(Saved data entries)
+===+

lemma card_dyadic_primes_hit_residues_less_le:
  assumes c: "c > 0" and C: "4800 * (2 + c) \<le> C" and XC: "C * real n ^ 2 < X"
    and cP: "X / (40 * ln X) \<le> real (card (dyadic_primes X))"
    and Q: "finite Q" "card Q \<le> n" "\<forall>q\<in>Q. real_of_int \<bar>q\<bar> \<le> 2 powr (c * real n)"
    and k: "1 \<le> k" "k \<le> card Q"
    and sums: "real (card (k_subset_sums Q k)) \<ge> real (card (subset_sums Q)) / real (card Q)"
    and X: "4 \<le> X" "X \<le> real (card (subset_sums Q))"
  shows "real (card {p\<in>dyadic_primes X. real (card (hit_residues p Q k)) < X / (C * real n ^ 2)})
           \<le> real (card (dyadic_primes X)) / 10"
proof -
  let ?S = "k_subset_sums Q k"
  have n: "n \<ge> 1" using Q k by linarith
  have "{p\<in>dyadic_primes X. real (card (hit_residues p Q k)) < X / (C * real n ^ 2)}
          \<subseteq> {p\<in>dyadic_primes X. real (card ((\<lambda>x. x mod int p) ` ?S)) < X / (C * real n ^ 2)}"
  proof safe
    fix p assume p: "p \<in> dyadic_primes X" "real (card (hit_residues p Q k)) < X / (C * real n ^ 2)"
    hence "card ((\<lambda>x. x mod int p) ` ?S) \<le> card (hit_residues p Q k)"
      by (intro card_mono finite_hit_residues mod_image_k_subset_sums_subset_hit_residues)
        (auto simp: dyadic_primes_def prime_gt_0_nat)
    thus "real (card ((\<lambda>x. x mod int p) ` ?S)) < X / (C * real n ^ 2)" using p by linarith
  qed
  hence "card {p\<in>dyadic_primes X. real (card (hit_residues p Q k)) < X / (C * real n ^ 2)}
          \<le> card {p\<in>dyadic_primes X. real (card ((\<lambda>x. x mod int p) ` ?S)) < X / (C * real n ^ 2)}"
    using finite_dyadic_primes by (intro card_mono) auto
  also have "real \<dots> \<le> real (card (dyadic_primes X)) / 10"
  proof (rule card_dyadic_primes_small_mod_image_le)
    have pow: "1 \<le> 2 powr (c * real n)" using c by (intro ge_one_powr_ge_zero) auto
    show "\<forall>x\<in>?S. \<bar>real_of_int x\<bar> \<le> real n * 2 powr (c * real n)"
    proof
      fix x assume "x \<in> ?S"
      hence "\<bar>real_of_int x\<bar> \<le> real k * 2 powr (c * real n)"
        using abs_le_of_mem_k_subset_sums Q by blast
      also have "\<dots> \<le> real n * 2 powr (c * real n)" using k Q by (intro mult_right_mono) auto
      finally show "\<bar>real_of_int x\<bar> \<le> real n * 2 powr (c * real n)" .
    qed
    show "1 \<le> real n * 2 powr (c * real n)"
      using n pow mult_mono[of 1 "real n" 1 "2 powr (c * real n)"] by simp
    show "ln (2 * (real n * 2 powr (c * real n))) \<le> (2 + c) * real n"
      using n c by (intro ln_double_mult_powr_le) auto
    have "X / real n \<le> real (card (subset_sums Q)) / real n" using X n by (simp add: divide_right_mono)
    also have "\<dots> \<le> real (card (subset_sums Q)) / real (card Q)"
      using Q k by (intro divide_left_mono) auto
    finally show "X / real n \<le> real (card ?S)" using sums by linarith
    show "finite ?S" using Q(1) by (rule finite_k_subset_sums)
  qed (use n X c C XC cP in auto)
  finally show ?thesis by simp
qed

+===+

List the lines of the entries that include "forall".

# Result
    and Q: "finite Q" "card Q \<le> n" "\<forall>q\<in>Q. real_of_int \<bar>q\<bar> \<le> 2 powr (c * real n)"
    show "\<forall>x\<in>?S. \<bar>real_of_int x\<bar> \<le> real n * 2 powr (c * real n)"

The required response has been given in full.